How the value of a struggling SpaceX increased

SpaceX's 2008 Series D is an example. Despite the financial crisis and unsuccessful rocket launches, the company's Post-Money Valuation was 36% higher after the investment round. Why?

Series D SpaceX shares were protected. In case of liquidation, Series D investors were guaranteed a 2x return before other shareholders.

Due to downside protection, investors were willing to pay a higher price for this new share class.

The Post-Money Valuation model overpriced SpaceX because it viewed all the shares as equal (they weren't).

Why entrepreneurs, workers, and early investors stand to lose the most

Post-Money Valuation is an effective and sufficient method for assessing a startup's valuation, despite not taking share class disparities into consideration.

In a robust market, where the firm valuation will certainly expand with the next fundraising round or exit, the inflated value is of little significance.

Fairness endures. If a corporation leaves at a greater valuation, each stakeholder will receive a proportional distribution. (i.e., 5% of a $100M corporation yields $5M).

SpaceX's inherent overvaluation was never a problem. Had it been sold for less than its Post-Money Valuation, some shareholders, including founders, staff, and early investors, would have seen their ownership drop.

The unforgiving world of 2022

In 2022, founders, employees, and investors who benefited from inflated values will face below-valuation exits and down-rounds.

For them, 2021 will be a curse, not a blessing.

Some tech giants are worried. Klarna's valuation fell from $45B (Oct 21) to $30B (Jun 22), Canvas from $40B to $27B, and GoPuffs from $17B to $8.3B.

Shazam and Blue Apron have to exit or IPO at a cheaper price.
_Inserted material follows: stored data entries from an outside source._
lemma (in finite_measure) integral_abs_tendsto_0_if_integral_square_tendsto_0:
  fixes u :: "nat \<Rightarrow> 'a \<Rightarrow> real"
  assumes meas: "\<And>j. u j \<in> borel_measurable M"
    and sq_int: "\<And>j. integrable M (\<lambda>x. (u j x)^2)"
    and lim: "(\<lambda>j. LINT x|M. (u j x)^2) \<longlonglongrightarrow> 0"
  shows "(\<lambda>j. LINT x|M. \<bar>u j x\<bar>) \<longlonglongrightarrow> 0"
proof (rule LIMSEQ_I)
  fix e :: real assume e: "e > 0"
  define \<mu> where "\<mu> = measure M (space M)"
  define d where "d = e / (2 * (\<mu> + 1))"
  have \<mu>: "\<mu> \<ge> 0" by (simp add: \<mu>_def)
  have d: "d > 0" "d * \<mu> < e / 2"
    using e \<mu> by (auto simp: d_def field_simps)
  obtain N where N: "\<And>j. j \<ge> N \<Longrightarrow> norm (LINT x|M. (u j x)^2) < d * (e / 2)"
    using LIMSEQ_D[OF lim, of "d * (e / 2)"] d e by auto
  have pointwise: "\<bar>y\<bar> \<le> d + y^2 / d" for y :: real
  proof -
    have "0 \<le> (\<bar>y\<bar> - d)^2" by simp
    then have "2 * (d * \<bar>y\<bar>) \<le> d^2 + y^2" by (simp add: power2_diff algebra_simps)
    moreover have "0 \<le> d * \<bar>y\<bar>" using d(1) by simp
    ultimately have "d * \<bar>y\<bar> \<le> d^2 + y^2" by linarith
    with d(1) show ?thesis by (simp add: field_simps power2_eq_square)
  qed
  have "norm (LINT x|M. \<bar>u j x\<bar>) < e" if "j \<ge> N" for j
  proof -
    have int_bound: "integrable M (\<lambda>x. d + (u j x)^2 / d)"
      using sq_int by (intro Bochner_Integration.integrable_add integrable_divide) auto
    have "norm (LINT x|M. \<bar>u j x\<bar>) = (LINT x|M. \<bar>u j x\<bar>)" by simp
    also have "\<dots> \<le> (LINT x|M. d + (u j x)^2 / d)"
      using int_bound meas pointwise
      by (intro integral_mono Bochner_Integration.integrable_bound[OF int_bound] AE_I2)
         (auto intro: order_trans[OF _ abs_ge_self])
    also have "\<dots> = d * \<mu> + (LINT x|M. (u j x)^2) / d"
      using sq_int by (simp add: \<mu>_def)
    also have "\<dots> < e / 2 + e / 2"
      using N[OF that] d by (intro add_strict_mono) (auto simp: field_simps)
    finally show ?thesis by simp
  qed
  then show "\<exists>N. \<forall>j\<ge>N. norm ((LINT x|M. \<bar>u j x\<bar>) - 0) < e" by auto
qed

lemma borel_measurable_continuous_on_circ:
  "continuous_on {0..2*pi} f \<Longrightarrow> (f :: real \<Rightarrow> 'a::euclidean_space) \<in> borel_measurable circ"
  by (rule continuous_imp_measurable_on_sets_lebesgue) auto

lemma borel_measurable_cnj: "f \<in> borel_measurable M \<Longrightarrow> (\<lambda>x. cnj (f x)) \<in> borel_measurable M"
  by (rule borel_measurable_continuous_on[OF continuous_on_cnj[OF continuous_on_id]])

lemma borel_measurable_Linf: "Linf f \<Longrightarrow> f \<in> borel_measurable circ"
  unfolding Linf_def by blast

lemma Linf_bound:
  assumes "Linf f"
  obtains B where "B \<ge> 0" "AE t in circ. cmod (f t) \<le> B"
proof -
  obtain B where "AE t in circ. cmod (f t) \<le> B" using assms unfolding Linf_def by blast
  then have "AE t in circ. cmod (f t) \<le> max B 0" by (auto elim: AE_mp)
  then show ?thesis using that[of "max B 0"] by auto
qed

lemma integrable_Linf: "Linf f \<Longrightarrow> integrable circ f"
  using circ.integrable_const_bound unfolding Linf_def by blast

lemma integrable_Linf_norm_square:
  assumes "Linf f"
  shows "integrable circ (\<lambda>t. (cmod (f t))^2)"
proof -
  obtain B where B: "B \<ge> 0" "AE t in circ. cmod (f t) \<le> B" using Linf_bound[OF assms] .
  show ?thesis
  proof (rule circ.integrable_const_bound)
    show "AE t in circ. norm ((cmod (f t))^2) \<le> B^2"
      using B(2) by eventually_elim (simp add: power_mono)
    show "(\<lambda>t. (cmod (f t))^2) \<in> borel_measurable circ"
      using borel_measurable_Linf[OF assms] by measurable
  qed
qed

lemma Linf_continuous:
  assumes "continuous_on {0..2*pi} f"
  shows "Linf f"
proof -
  have "compact (f ` {0..2*pi})" by (rule compact_continuous_image[OF assms]) auto
  then obtain B where "\<forall>x\<in>f ` {0..2*pi}. norm x \<le> B"
    using compact_imp_bounded bounded_iff by metis
  then have "AE t in circ. cmod (f t) \<le> B" by (intro AE_I2) auto
  then show ?thesis unfolding Linf_def using borel_measurable_continuous_on_circ[OF assms] by blast
qed

lemma Linf_const: "Linf (\<lambda>t. c)"
  by (rule Linf_continuous) auto

lemma Linf_add:
  assumes "Linf f" "Linf g"
  shows "Linf (\<lambda>t. f t + g t)"
proof -
  obtain B C where "AE t in circ. cmod (f t) \<le> B" "AE t in circ. cmod (g t) \<le> C"
    using assms unfolding Linf_def by blast
  then have "AE t in circ. cmod (f t + g t) \<le> B + C"
    by eventually_elim (meson add_mono norm_triangle_ineq order_trans)
  then show ?thesis using assms unfolding Linf_def by auto
qed

lemma Linf_diff:
  assumes "Linf f" "Linf g"
  shows "Linf (\<lambda>t. f t - g t)"
proof -
  obtain B C where "AE t in circ. cmod (f t) \<le> B" "AE t in circ. cmod (g t) \<le> C"
    using assms unfolding Linf_def by blast
  then have "AE t in circ. cmod (f t - g t) \<le> B + C"
    by eventually_elim (meson add_mono norm_triangle_ineq4 order_trans)
  then show ?thesis using assms unfolding Linf_def by auto
qed

lemma Linf_mult:
  assumes "Linf f" "Linf g"
  shows "Linf (\<lambda>t. f t * g t)"
proof -
  obtain B C where "AE t in circ. cmod (f t) \<le> B" "AE t in circ. cmod (g t) \<le> C"
    using assms unfolding Linf_def by blast
  then have "AE t in circ. cmod (f t * g t) \<le> B * C"
    by eventually_elim (simp add: norm_mult mult_mono')
  then show ?thesis using assms unfolding Linf_def by auto
qed

lemma Linf_cis_power: "Linf (\<lambda>t. cis t ^ n)"
  by (rule Linf_continuous) (intro continuous_intros)

lemma integrable_Linf_mult_cis_power: "Linf f \<Longrightarrow> integrable circ (\<lambda>t. f t * cis t ^ n)"
  by (intro integrable_Linf Linf_mult Linf_cis_power)

lemma Linf_poly_cis: "Linf (\<lambda>t. poly P (cis t))"
  by (rule Linf_continuous) (intro continuous_intros)

lemma exp_of_nat_mult_eq_cis_power: "exp (\<i> * of_nat n * of_real t) = cis t ^ n"
proof -
  have "\<i> * of_nat n * of_real t = of_nat n * (\<i> * of_real t)" by simp
  then show ?thesis by (simp only: exp_of_nat_mult cis_conv_exp)
qed

lemma integral_cis_power:
  assumes "n \<ge> 1"
  shows "(LINT t|circ. cis t ^ n) = 0"
proof -
  let ?F = "\<lambda>t. cis (real n * t) / (\<i> * of_nat n)"
  have "((\<lambda>t. cis t ^ n) has_integral (?F (2*pi) - ?F 0)) {0..2*pi}"
  proof (rule fundamental_theorem_of_calculus)
    fix x assume "x \<in> {0..2*pi}"
    have "((\<lambda>z. exp (\<i> * of_nat n * z) / (\<i> * of_nat n)) has_field_derivative
         (\<i> * of_real (real n)) * exp (\<i> * of_nat n * of_real x) / (\<i> * of_nat n)) (at (of_real x))"
      by (auto intro!: derivative_eq_intros)
    from has_vector_derivative_real_field[OF this]
    have "(?F has_vector_derivative cis x ^ n) (at x)"
      using assms exp_of_nat_mult_eq_cis_power[of n x] by (simp add: cis_conv_exp mult.assoc)
    then show "(?F has_vector_derivative cis x ^ n) (at x within {0..2*pi})"
      by (rule has_vector_derivative_at_within)
  qed auto
  moreover have "?F (2*pi) = ?F 0"
    using Complex.DeMoivre[of "2*pi" n] by simp
  ultimately have "integral {0..2*pi} (\<lambda>t. cis t ^ n) = 0"
    by (simp add: integral_unique)
  then show ?thesis
    by (subst lebesgue_integral_eq_integral) (auto intro: integrable_Linf Linf_cis_power)
qed

section \<open>The algebra of bounded analytic functions\<close>

lemma Hinf_iff: "Hinf f \<longleftrightarrow> Linf f \<and> (\<forall>n\<ge>1. (LINT t|circ. f t * cis t ^ n) = 0)"
  unfolding Hinf_def exp_of_nat_mult_eq_cis_power by simp

lemma Linf_Hinf: "Hinf f \<Longrightarrow> Linf f"
  unfolding Hinf_iff by blast

lemma Hinf_const: "Hinf (\<lambda>t. c)"
  by (simp add: Hinf_iff Linf_const integral_cis_power)

lemma Hinf_integral_mult_poly_cis:
  assumes "Hinf h"
  shows "(LINT t|circ. h t * poly R (cis t)) = coeff R 0 * (LINT t|circ. h t)"
proof -
  have L: "Linf h" using assms by (rule Linf_Hinf)
  have "(LINT t|circ. h t * poly R (cis t)) = (LINT t|circ. (\<Sum>j\<le>degree R. coeff R j * (h t * cis t ^ j)))"
    by (simp add: poly_altdef sum_distrib_left algebra_simps)
  also have "\<dots> = (\<Sum>j\<le>degree R. coeff R j * (LINT t|circ. h t * cis t ^ j))"
    by (subst Bochner_Integration.integral_sum)
       (auto intro!: integrable_mult_right integrable_Linf_mult_cis_power L)
  also have "\<dots> = (\<Sum>j\<le>degree R. if j = 0 then coeff R 0 * (LINT t|circ. h t) else 0)"
    using assms unfolding Hinf_iff by (intro sum.cong) auto
  also have "\<dots> = coeff R 0 * (LINT t|circ. h t)"
    by (simp add: sum.delta)
  finally show ?thesis .
qed

lemma integral_poly_cis: "(LINT t|circ. poly U (cis t)) = (2*pi) * coeff U 0"
  using Hinf_integral_mult_poly_cis[OF Hinf_const, of 1 U]
  by (simp add: measure_restrict_space scaleR_conv_of_real)

lemma Hinf_poly_cis: "Hinf (\<lambda>t. poly P (cis t))"
  unfolding Hinf_iff
proof (intro conjI allI impI)
  show "Linf (\<lambda>t. poly P (cis t))" by (rule Linf_poly_cis)
  fix n :: nat assume n: "n \<ge> 1"
  have "(LINT t|circ. poly P (cis t) * cis t ^ n) = (LINT t|circ. 1 * poly (P * monom 1 n) (cis t))"
    by (simp add: poly_monom)
  also have "\<dots> = coeff (P * monom 1 n) 0 * (LINT t|circ. 1)"
    by (rule Hinf_integral_mult_poly_cis[OF Hinf_const])
  also have "coeff (P * monom 1 n) 0 = 0"
    using n by (simp add: coeff_mult_0 coeff_monom)
  finally show "(LINT t|circ. poly P (cis t) * cis t ^ n) = 0" by simp
qed

lemma Hinf_add: "Hinf f \<Longrightarrow> Hinf g \<Longrightarrow> Hinf (\<lambda>t. f t + g t)"
  unfolding Hinf_iff by (auto simp: Linf_add distrib_right integrable_Linf_mult_cis_power)

lemma Hinf_diff: "Hinf f \<Longrightarrow> Hinf g \<Longrightarrow> Hinf (\<lambda>t. f t - g t)"
  unfolding Hinf_iff by (auto simp: Linf_diff left_diff_distrib integrable_Linf_mult_cis_power)

definition trig_poly :: "nat \<Rightarrow> complex poly \<Rightarrow> real \<Rightarrow> complex" where
  "trig_poly N P t = cis (- (real N * t)) * poly P (cis t)"

definition is_trig_poly :: "(real \<Rightarrow> complex) \<Rightarrow> bool" where
  "is_trig_poly f \<longleftrightarrow> (\<exists>N P. f = trig_poly N P)"

lemma trig_poly_eq_sum:
  "trig_poly N P t = (\<Sum>k\<le>degree P. coeff P k * cis ((real k - real N) * t))"
proof -
  have "trig_poly N P t = (\<Sum>k\<le>degree P. cis (- (real N * t)) * (coeff P k * cis t ^ k))"
    by (simp add: trig_poly_def poly_altdef sum_distrib_left)
  also have "\<dots> = (\<Sum>k\<le>degree P. coeff P k * cis ((real k - real N) * t))"
    by (intro sum.cong refl) (simp add: Complex.DeMoivre cis_mult algebra_simps)
  finally show ?thesis .
qed

lemma cis_neg_mult_cis_power: "cis (- (real N * t)) * cis t ^ N = 1"
  by (simp add: Complex.DeMoivre cis_mult)

lemma is_trig_poly_const: "is_trig_poly (\<lambda>t. c)"
  unfolding is_trig_poly_def by (intro exI[of _ 0] exI[of _ "[:c:]"]) (auto simp: trig_poly_def)

lemma is_trig_poly_add:
  assumes "is_trig_poly f" "is_trig_poly g"
  shows "is_trig_poly (\<lambda>t. f t + g t)"
proof -
  obtain N P M Q where f: "f = trig_poly N P" and g: "g = trig_poly M Q"
    using assms unfolding is_trig_poly_def by blast
  have "(\<lambda>t. f t + g t) = trig_poly (N + M) (P * monom 1 M + Q * monom 1 N)"
  proof
    fix t
    have "cis (- (real (N + M) * t)) = cis (- (real N * t)) * cis (- (real M * t))"
      by (simp add: cis_mult algebra_simps)
    then show "f t + g t = trig_poly (N + M) (P * monom 1 M + Q * monom 1 N) t"
      unfolding f g trig_poly_def
      using cis_neg_mult_cis_power[of M t] cis_neg_mult_cis_power[of N t]
      by (simp add: poly_monom algebra_simps)
  qed
  then show ?thesis unfolding is_trig_poly_def by blast
qed

lemma is_trig_poly_mult:
  assumes "is_trig_poly f" "is_trig_poly g"
  shows "is_trig_poly (\<lambda>t. f t * g t)"
proof -
  obtain N P M Q where f: "f = trig_poly N P" and g: "g = trig_poly M Q"
    using assms unfolding is_trig_poly_def by blast
  have "(\<lambda>t. f t * g t) = trig_poly (N + M) (P * Q)"
  proof
    fix t
    have "cis (- (real (N + M) * t)) = cis (- (real N * t)) * cis (- (real M * t))"
      by (simp add: cis_mult algebra_simps)
    then show "f t * g t = trig_poly (N + M) (P * Q) t"
      unfolding f g trig_poly_def by (simp add: algebra_simps)
  qed
  then show ?thesis unfolding is_trig_poly_def by blast
qed

lemma is_trig_poly_cos: "is_trig_poly (\<lambda>t. of_real (cos t))"
proof -
  have "of_real (cos t) = trig_poly 1 [:1/2, 0, 1/2:] t" for t
  proof -
    have "cis (- t) * (1/2 + cis t * cis t / 2) = (cis (- t) + cis t) / 2"
      by (simp add: algebra_simps cis_mult)
    also have "\<dots> = of_real (cos t)"
      by (simp add: cis.ctr complex_eq_iff)
    finally show ?thesis by (simp add: trig_poly_def algebra_simps)
  qed
  then show ?thesis unfolding is_trig_poly_def by blast
qed

lemma is_trig_poly_sin: "is_trig_poly (\<lambda>t. of_real (sin t))"
proof -
  have "of_real (sin t) = trig_poly 1 [:-1/(2*\<i>), 0, 1/(2*\<i>):] t" for t
  proof -
    have "cis (- t) * (-1/(2*\<i>) + cis t * cis t / (2*\<i>)) = (cis t - cis (- t)) / (2*\<i>)"
      by (simp add: algebra_simps cis_mult diff_divide_distrib)
    also have "\<dots> = of_real (sin t)"
      by (simp add: cis.ctr complex_eq_iff)
    finally show ?thesis by (simp add: trig_poly_def algebra_simps)
  qed
  then show ?thesis unfolding is_trig_poly_def by blast
qed
(* Let $\mathfrak{g}$ be a real Lie algebra with a complex structure $J$ and a $J$-compatible inner product $g$, and let $c\in\Lambda^3\mathfrak{g}^*$ be defined by $$c(X,Y,Z)=-g([JX,JY],Z)-g([JY,JZ],X)-g([JZ,JX],Y).$$ Let $\xi$ be the center of $\mathfrak{g}$ and $X\in\xi$. Then for every $Y\in\mathfrak{g}$, $$dc(X,Y,JX,JY)=2\Big(\|[Y,JX]\|^2-g([[JX,Y],JX],Y)-g([[Y,JY],JX],X)\Big).$$
   Context: A complex structure on $\mathfrak{g}$ is $J$ with $J^2=-\mathrm{Id}$ and $[X,Y]-[JX,JY]+J[JX,Y]+J[X,JY]=0$. $g$ is $J$-compatible if $g(JX,JY)=g(X,Y)$. The form $c$ is the torsion $3$-form of the Bismut connection of $(J,g)$. The differential $d$ is the Chevalley–Eilenberg differential: for $\alpha\in\Lambda^k\mathfrak{g}^*$, $d\alpha(X_0,\dots,X_k)=\sum_{i<j}(-1)^{i+j}\alpha([X_i,X_j],X_0,\dots,\hat X_i,\dots,\hat X_j,\dots,X_k)$. $\|\cdot\|$ is the norm induced by $g$. *)

theory Defs
  imports "HOL-Analysis.Analysis"
begin

definition lie_algebra :: "('a::real_vector \<Rightarrow> 'a \<Rightarrow> 'a) \<Rightarrow> bool" where
  "lie_algebra br \<longleftrightarrow> bilinear br \<and> (\<forall>x. br x x = 0) \<and>
     (\<forall>x y z. br x (br y z) + br y (br z x) + br z (br x y) = 0)"

definition complex_structure :: "('a::real_vector \<Rightarrow> 'a \<Rightarrow> 'a) \<Rightarrow> ('a \<Rightarrow> 'a) \<Rightarrow> bool" where
  "complex_structure br J \<longleftrightarrow> linear J \<and> (\<forall>x. J (J x) = - x) \<and>
     (\<forall>x y. br x y - br (J x) (J y) + J (br (J x) y) + J (br x (J y)) = 0)"

definition inner_product :: "('a::real_vector \<Rightarrow> 'a \<Rightarrow> real) \<Rightarrow> bool" where
  "inner_product g \<longleftrightarrow> bilinear g \<and> (\<forall>x y. g x y = g y x) \<and> (\<forall>x. x \<noteq> 0 \<longrightarrow> g x x > 0)"

definition J_compatible :: "('a \<Rightarrow> 'a \<Rightarrow> real) \<Rightarrow> ('a \<Rightarrow> 'a) \<Rightarrow> bool" where
  "J_compatible g J \<longleftrightarrow> (\<forall>x y. g (J x) (J y) = g x y)"

definition gnorm :: "('a \<Rightarrow> 'a \<Rightarrow> real) \<Rightarrow> 'a \<Rightarrow> real" where
  "gnorm g x = sqrt (g x x)"

definition lie_center :: "('a::real_vector \<Rightarrow> 'a \<Rightarrow> 'a) \<Rightarrow> 'a set" where
  "lie_center br = {x. \<forall>y. br x y = 0}"

text \<open>k-forms are represented as functions on lists of k vectors. Chevalley--Eilenberg
  differential: (d alpha)(X_0..X_k) = sum_{i<j} (-1)^(i+j) alpha([X_i,X_j], X_0,..^i..^j..,X_k).\<close>
definition ce_d :: "('a \<Rightarrow> 'a \<Rightarrow> 'a) \<Rightarrow> ('a list \<Rightarrow> real) \<Rightarrow> 'a list \<Rightarrow> real" where
  "ce_d br \<alpha> xs = (\<Sum>j<length xs. \<Sum>i<j. (-1) ^ (i + j) *
      \<alpha> (br (xs ! i) (xs ! j) # map (nth xs) (filter (\<lambda>k. k \<noteq> i \<and> k \<noteq> j) [0..<length xs])))"

definition c_form :: "('a \<Rightarrow> 'a \<Rightarrow> 'a) \<Rightarrow> ('a \<Rightarrow> 'a) \<Rightarrow> ('a \<Rightarrow> 'a \<Rightarrow> real) \<Rightarrow> 'a list \<Rightarrow> real" where
  "c_form br J g xs = (let X = xs ! 0; Y = xs ! 1; Z = xs ! 2 in
      - g (br (J X) (J Y)) Z - g (br (J Y) (J Z)) X - g (br (J Z) (J X)) Y)"

end

theory Submission
  imports Defs
begin

text \<open>For central \<open>X\<close> only three of the six terms of \<open>dc(X, Y, JX, JY)\<close> survive, all
  evaluating \<open>c\<close> on brackets with \<open>JX\<close> or \<open>JY\<close>. The vanishing Nijenhuis tensor gives
  \<open>[JX, JW] = J[JX, W]\<close>, so \<open>[JX, JY] = -J[Y, JX]\<close>; \<open>J\<close>-compatibility of \<open>g\<close> then matches the
  terms pairwise, and the Jacobi identity for \<open>Y, JX, JY\<close> rewrites the remaining bracket
  \<open>[[Y, JY], JX]\<close>.\<close>

lemma ce_d_four:
  "ce_d br \<alpha> [a, b, c, d] =
     - \<alpha> [br a b, c, d] + \<alpha> [br a c, b, d] - \<alpha> [br a d, b, c]
     - \<alpha> [br b c, a, d] + \<alpha> [br b d, a, c] - \<alpha> [br c d, a, b]"
  unfolding ce_d_def by (simp add: lessThan_Suc upt_rec numeral_eq_Suc)

lemma lie_algebra_anticomm:
  assumes "lie_algebra br"
  shows "br b a = - br a b"
proof -
  have bil: "bilinear br" and alt: "\<And>x. br x x = 0"
    using assms unfolding lie_algebra_def by auto
  have "0 = br (a + b) (a + b)" by (rule alt [symmetric])
  also have "\<dots> = br a a + br a b + br b a + br b b"
    using bil by (simp add: bilinear_ladd bilinear_radd)
  finally show ?thesis by (simp add: alt eq_neg_iff_add_eq_0 add.commute)
qed

lemma lie_center_bracket_right:
  assumes "lie_algebra br" and "X \<in> lie_center br"
  shows "br Y X = 0"
  using assms lie_algebra_anticomm [OF assms(1), of X Y] by (simp add: lie_center_def)

lemma complex_structure_center_bracket:
  assumes "complex_structure br J" and "X \<in> lie_center br"
  shows "br (J X) (J W) = J (br (J X) W)"
proof -
  have "linear J" and "br X W - br (J X) (J W) + J (br (J X) W) + J (br X (J W)) = 0"
    using assms(1) unfolding complex_structure_def by auto
  with assms(2) show ?thesis by (simp add: lie_center_def linear_0)
qed

lemma gnorm_power2:
  assumes "inner_product g"
  shows "(gnorm g x)\<^sup>2 = g x x"
proof -
  have "g x x \<ge> 0"
    using assms unfolding inner_product_def
    by (cases "x = 0") (auto simp: bilinear_lzero less_imp_le)
  then show ?thesis by (simp add: gnorm_def)
qed

locale hermitian_lie_algebra =
  fixes br :: "'a::real_vector \<Rightarrow> 'a \<Rightarrow> 'a" and J :: "'a \<Rightarrow> 'a" and g :: "'a \<Rightarrow> 'a \<Rightarrow> real"
  assumes lie: "lie_algebra br"
    and complex: "complex_structure br J"
    and inner: "inner_product g"
    and compatible: "J_compatible g J"
begin

lemma bracket_simps [simp]:
  "br 0 y = 0" "br y 0 = 0" "br (- a) b = - br a b" "br a (- b) = - br a b"
  using lie unfolding lie_algebra_def
  by (auto simp: bilinear_lzero bilinear_rzero bilinear_lneg bilinear_rneg)

lemma g_simps [simp]:
  "g 0 y = 0" "g y 0 = 0" "g (- a) b = - g a b" "g a (- b) = - g a b" "g (J a) (J b) = g a b"
  using inner compatible unfolding inner_product_def J_compatible_def
  by (auto simp: bilinear_lzero bilinear_rzero bilinear_lneg bilinear_rneg)

lemma J_simps [simp]: "J 0 = 0" "J (- x) = - J x" "J (J x) = - x"
  using complex unfolding complex_structure_def by (auto simp: linear_0 linear_neg)

lemma g_diff_left: "g (a - b) c = g a c - g b c"
proof -
  have "bilinear g" using inner unfolding inner_product_def by blast
  then show ?thesis by (rule bilinear_lsub)
qed

lemma bracket_J_center_left:
  assumes "X \<in> lie_center br"
  shows "br (J W) (J X) = J (br W (J X))"
proof -
  have "br (J W) (J X) = - J (br (J X) W)"
    using complex_structure_center_bracket [OF complex assms, of W]
      lie_algebra_anticomm [OF lie, of "J W" "J X"] by simp
  also have "\<dots> = J (br W (J X))"
    using lie_algebra_anticomm [OF lie, of W "J X"] by simp
  finally show ?thesis .
qed

lemma jacobi_center_step:
  assumes "X \<in> lie_center br"
  shows "br (br Y (J Y)) (J X) = br Y (J (br Y (J X))) - br (J Y) (br Y (J X))"
proof -
  have "br Y (br (J X) (J Y)) + br (J X) (br (J Y) Y) + br (J Y) (br Y (J X)) = 0"
    using lie unfolding lie_algebra_def by blast
  moreover have "br (J X) (J Y) = - J (br Y (J X))"
    using complex_structure_center_bracket [OF complex assms, of Y]
      lie_algebra_anticomm [OF lie, of Y "J X"] by simp
  moreover have "br (J X) (br (J Y) Y) = br (br Y (J Y)) (J X)"
    using lie_algebra_anticomm [OF lie, of Y "J Y"]
      lie_algebra_anticomm [OF lie, of "br Y (J Y)" "J X"] by simp
  ultimately show ?thesis by (simp add: algebra_simps)
qed

lemma c_form_zero: "c_form br J g (0 # xs) = 0"
  by (simp add: c_form_def)

lemma ce_d_c_form_center:
  assumes X: "X \<in> lie_center br"
  shows "ce_d br (c_form br J g) [X, Y, J X, J Y] =
    2 * (g (br Y (J X)) (br Y (J X)) - g (br (br (J X) Y) (J X)) Y
         - g (br (br Y (J Y)) (J X)) X)"
proof -
  define A where "A = br Y (J X)"
  define B where "B = br Y (J Y)"
  have cen [simp]: "br X w = 0" "br w X = 0" for w
    using X lie_center_bracket_right [OF lie X] by (auto simp: lie_center_def)
  have JXY: "br (J X) Y = - A"
    unfolding A_def by (rule lie_algebra_anticomm [OF lie])
  have JXJY: "br (J X) (J Y) = - J A"
    using complex_structure_center_bracket [OF complex X, of Y] JXY by simp
  have JA: "br (J A) (J X) = J (br A (J X))" and JB: "br (J B) (J X) = J (br B (J X))"
    by (rule bracket_J_center_left [OF X])+
  have c1: "c_form br J g [A, X, J Y] = - g (br A (J X)) Y - g A A + g (br Y (J A)) X"
    by (simp add: c_form_def JA JXY)
  have c2: "c_form br J g [B, X, J X] = - g (br B (J X)) X"
    by (simp add: c_form_def JB)
  have c3: "c_form br J g [- J A, X, Y] = - g (br A (J X)) Y - g A A - g (br (J Y) A) X"
    by (simp add: c_form_def JA JXJY)
  have "ce_d br (c_form br J g) [X, Y, J X, J Y] =
      - c_form br J g [A, X, J Y] + c_form br J g [B, X, J X] - c_form br J g [- J A, X, Y]"
    by (simp add: ce_d_four JXJY A_def [symmetric] B_def [symmetric] c_form_zero)
  also have "\<dots> = 2 * (g A A + g (br A (J X)) Y - g (br B (J X)) X)"
    using jacobi_center_step [OF X, of Y]
    by (simp add: c1 c2 c3 A_def [symmetric] B_def [symmetric] g_diff_left)
  finally show ?thesis by (simp add: A_def B_def JXY)
qed

end

theorem lemma3p4:
  fixes br :: "'a::euclidean_space \<Rightarrow> 'a \<Rightarrow> 'a"
    and J :: "'a \<Rightarrow> 'a"
    and g :: "'a \<Rightarrow> 'a \<Rightarrow> real"
    and X Y :: 'a
  assumes "lie_algebra br"
    and "complex_structure br J"
    and "inner_product g"
    and "J_compatible g J"
    and "X \<in> lie_center br"
  shows "ce_d br (c_form br J g) [X, Y, J X, J Y] =
    2 * ((gnorm g (br Y (J X)))\<^sup>2 - g (br (br (J X) Y) (J X)) Y - g (br (br Y (J Y)) (J X)) X)"
proof -
  interpret hermitian_lie_algebra br J g
    using assms(1-4) by unfold_locales
  show ?thesis
    using ce_d_c_form_center [OF assms(5)] by (simp add: gnorm_power2 [OF assms(3)])
qed

end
Premium share classes are protected, while others receive less. The same goes for bankrupts.

Those who continue at lower valuations will lose reputation and talent. When their value declines by half, generous employee stock options become less enticing, and their ability to return anything is questioned.

What can we infer about the present situation?

Such techniques to enhance your company's value or stop a normalizing market are fiction.

The current situation is a painful reminder for entrepreneurs and a crucial lesson for future firms.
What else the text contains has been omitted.